# [ASSIGNED TASK]
Count every line in the data below where "rotated" occurs, then state that number and nothing more.

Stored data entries

text \<open>Reducing mod \<open>q\<close> kills the \<open>R\<close>-part and the binary form \<open>x\<^sub>0\<^sup>2 - v x\<^sub>2\<^sup>2\<close> is anisotropic; after
  dividing \<open>x\<^sub>0, x\<^sub>2\<close> by \<open>q\<close>, reducing mod \<open>q\<^sup>2\<close> and cancelling \<open>R = q R'\<close> does the same for
  \<open>x\<^sub>1, x\<^sub>3\<close>.\<close>
lemma prime_dvd_of_quaternary_form_zero_mod_square:
  assumes q: "prime (q::int)" and v: "\<not> QuadRes q v" and R: "q dvd R" "\<not> q^2 dvd R"
    and d: "q^2 dvd quaternary_form R v x0 x1 x2 x3"
  shows "q dvd x0 \<and> q dvd x1 \<and> q dvd x2 \<and> q dvd x3"
proof -
  obtain R' where R': "R = q * R'" using R(1) by blast
  have "\<not> q dvd R'" using R(2) R' by (simp add: power2_eq_square)
  have "q \<noteq> 0" using q by auto
  have "q dvd q^2" by (simp add: power2_eq_square)
  then have "q dvd quaternary_form R v x0 x1 x2 x3" using d by (rule dvd_trans)
  moreover have "quaternary_form R v x0 x1 x2 x3 = (x0^2 - v * x2^2) + R' * (x1^2 - v * x3^2) * q"
    unfolding quaternary_form_def R' by (simp add: algebra_simps)
  ultimately have "q dvd x0^2 - v * x2^2" by (simp only: dvd_add_times_triv_right_iff)
  hence "q dvd x0 \<and> q dvd x2" by (rule prime_dvd_binary_form_nonresidue[OF q v])
  then obtain y0 y2 where y: "x0 = q * y0" "x2 = q * y2" by (auto simp: dvd_def)
  have "quaternary_form R v x0 x1 x2 x3 = (y0^2 - v * y2^2) * q^2 + R' * (x1^2 - v * x3^2) * q"
    unfolding quaternary_form_def R' y by (simp add: power2_eq_square algebra_simps)
  with d have "q^2 dvd R' * (x1^2 - v * x3^2) * q" by (simp only: dvd_add_times_triv_left_iff)
  hence "q * q dvd R' * (x1^2 - v * x3^2) * q" by (simp only: power2_eq_square)
  hence "q dvd R' * (x1^2 - v * x3^2)" using \<open>q \<noteq> 0\<close> by (simp only: dvd_mult_cancel_right) simp
  hence "q dvd x1^2 - v * x3^2" using \<open>\<not> q dvd R'\<close> q by (simp add: prime_dvd_mult_iff)
  hence "q dvd x1 \<and> q dvd x3" by (rule prime_dvd_binary_form_nonresidue[OF q v])
  with \<open>q dvd x0 \<and> q dvd x2\<close> show ?thesis by simp
qed

lemma prime_power_dvd_of_quaternary_form_zero_mod_square:
  assumes q: "prime (q::int)" and v: "\<not> QuadRes q v" and R: "q dvd R" "\<not> q^2 dvd R"
  shows "q^(2*f) dvd quaternary_form R v x0 x1 x2 x3 \<Longrightarrow>
    q^f dvd x0 \<and> q^f dvd x1 \<and> q^f dvd x2 \<and> q^f dvd x3"
proof (induction f arbitrary: x0 x1 x2 x3)
  case (Suc f)
  have "q^2 dvd q^(2 * Suc f)" by (rule le_imp_power_dvd) simp
  with Suc.prems have "q^2 dvd quaternary_form R v x0 x1 x2 x3" by (rule dvd_trans[rotated])
  hence "q dvd x0 \<and> q dvd x1 \<and> q dvd x2 \<and> q dvd x3"
    by (rule prime_dvd_of_quaternary_form_zero_mod_square[OF q v R])
  then obtain y0 y1 y2 y3 where y: "x0 = q * y0" "x1 = q * y1" "x2 = q * y2" "x3 = q * y3"
    by (auto simp: dvd_def)
  have "q^(2 * Suc f) = q^2 * q^(2*f)" by (simp only: mult_Suc_right power_add)
  with Suc.prems have "q^2 * q^(2*f) dvd q^2 * quaternary_form R v y0 y1 y2 y3"
    unfolding y quaternary_form_scale by (simp only:)
  moreover have "q^2 \<noteq> 0" using q by auto
  ultimately have "q^(2*f) dvd quaternary_form R v y0 y1 y2 y3" by (simp only: dvd_mult_cancel_left) simp
  with Suc.IH show ?case unfolding y by (simp add: mult_dvd_mono)
qed simp

lemma prime_dvd_exactly_if_cong_mod_square:
  assumes q: "prime (q::int)" and "[R = q] (mod q^2)"
  shows "q dvd R \<and> \<not> q^2 dvd R"
proof
  have dR: "q^2 dvd R - q" using assms(2) by (simp add: cong_iff_dvd_diff)
  hence "q dvd R - q" by (rule dvd_trans[rotated]) (simp add: power2_eq_square)
  hence "q dvd (R - q) + q" by (rule dvd_add) simp
  then show "q dvd R" by simp
  show "\<not> q^2 dvd R"
  proof
    assume "q^2 dvd R"
    with dR have "q^2 dvd R - (R - q)" by (rule dvd_diff[rotated])
    hence "q^2 \<le> q" using q by (simp add: zdvd_imp_le prime_gt_0_int)
    with prime_gt_1_int[OF q] show False by (simp add: power2_eq_square)
  qed
qed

# [REPLY]
3